■ To do:
Whichever lines include the word "domain", copy them as they appear in the data.

■ Data for review:
- Opening Delimiter -

(* Let $g\in C^0([0,\infty),H)$ and let $u$ be the weak solution on $[0,\infty)$ of $u''+2\delta u'+Au=g$ with data in $D(A^{1/2})\times H$. Define $$E(t)=|u'(t)|^2+|A^{1/2}u(t)|^2,\qquad \widehat E(t)=E(t)+2\mu\langle u'(t),Qu(t)\rangle,$$ and, for $d\ge0$ and $u(t)\ne0$, $$G_d(t)=\frac{E(t)}{|u(t)|^{2+d}},\qquad \widehat G_d(t)=\frac{\widehat E(t)}{|u(t)|^{2+d}}.$$ Then: (1) $\tfrac12E(t)\le\widehat E(t)\le 2E(t)$ for all $t\ge0$. Moreover, $\widehat E$ is of class $C^1$ on $[0,\infty)$ and $$\widehat E'(t)\le-\frac{\mu}{2}\widehat E(t)+\frac{2}{\delta}|g(t)|^2\quad\text{for all } t\ge0.$$ (2) Suppose $u(t)\ne0$ for all $t$ in an interval $(a,b)$, and let $d\ge0$. Then $\tfrac12G_d(t)\le\widehat G_d(t)\le2G_d(t)$ on $(a,b)$. Moreover, $\widehat G_d$ is of class $C^1$ on $(a,b)$ and $$\widehat G_d'(t)\le-\frac{\mu}{2}\widehat G_d(t)+\frac{2}{\delta}\frac{|g(t)|^2}{|u(t)|^{2+d}}+(2+d)|u(t)|^{d/2}[G_d(t)]^{1/2}\widehat G_d(t)\quad\text{for all } t\in(a,b).$$
   Context: $H$ is a separable real Hilbert space with norm $|\cdot|$ and scalar product $\langle\cdot,\cdot\rangle$. $A$ is a self-adjoint nonnegative operator with dense domain, and $\delta>0$. Weak solutions of $u''+2\delta u'+Au=g$ lie in $C^0([0,\infty),D(A^{1/2}))\cap C^1([0,\infty),H)$. Their energy $E$ is $C^1$ with $E'=-4\delta|u'|^2+2\langle u',g\rangle$. $Q:H\to H$ denotes the orthogonal projection onto $\ker(A)^\perp$. The constant $\nu>0$ is such that $|Qu|^2\le\nu^{-1}|A^{1/2}u|^2$ for all $u\in D(A^{1/2})$. Under the spectral assumption that $\sigma(A)$ is a discrete set of eigenvalues without finite accumulation points, one can take $\nu$ to be the smallest positive eigenvalue of $A$, or any $\nu>0$ if $A=0$. The constant $\mu$ is $\mu:=\min\{\tfrac12,\tfrac{\nu}{2},\tfrac{\delta}{2},\tfrac{\nu}{5\delta}\}$. *)

theory Defs
  imports "HOL-Analysis.Analysis"
begin

text \<open>An (unbounded) operator is represented by a domain D and a map A (only meaningful on D).
  Self-adjoint nonnegative operator with dense domain.\<close>
definition selfadj_nonneg :: "'a::{real_inner,complete_space} set \<Rightarrow> ('a \<Rightarrow> 'a) \<Rightarrow> bool" where
  "selfadj_nonneg D A \<longleftrightarrow>
     subspace D \<and> closure D = UNIV \<and>
     (\<forall>x\<in>D. \<forall>y\<in>D. \<forall>c::real. A (x + y) = A x + A y \<and> A (c *\<^sub>R x) = c *\<^sub>R A x) \<and>
     (\<forall>x\<in>D. \<forall>y\<in>D. inner (A x) y = inner x (A y)) \<and>
     (\<forall>x\<in>D. inner (A x) x \<ge> 0) \<and>
     (\<forall>y z. (\<forall>x\<in>D. inner (A x) y = inner x z) \<longrightarrow> y \<in> D \<and> A y = z)"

- Closing Delimiter -

■ Response:
   Context: $H$ is a separable real Hilbert space with norm $|\cdot|$ and scalar product $\langle\cdot,\cdot\rangle$. $A$ is a self-adjoint nonnegative operator with dense domain, and $\delta>0$. Weak solutions of $u''+2\delta u'+Au=g$ lie in $C^0([0,\infty),D(A^{1/2}))\cap C^1([0,\infty),H)$. Their energy $E$ is $C^1$ with $E'=-4\delta|u'|^2+2\langle u',g\rangle$. $Q:H\to H$ denotes the orthogonal projection onto $\ker(A)^\perp$. The constant $\nu>0$ is such that $|Qu|^2\le\nu^{-1}|A^{1/2}u|^2$ for all $u\in D(A^{1/2})$. Under the spectral assumption that $\sigma(A)$ is a discrete set of eigenvalues without finite accumulation points, one can take $\nu$ to be the smallest positive eigenvalue of $A$, or any $\nu>0$ if $A=0$. The constant $\mu$ is $\mu:=\min\{\tfrac12,\tfrac{\nu}{2},\tfrac{\delta}{2},\tfrac{\nu}{5\delta}\}$. *)
text \<open>An (unbounded) operator is represented by a domain D and a map A (only meaningful on D).
  Self-adjoint nonnegative operator with dense domain.\<close>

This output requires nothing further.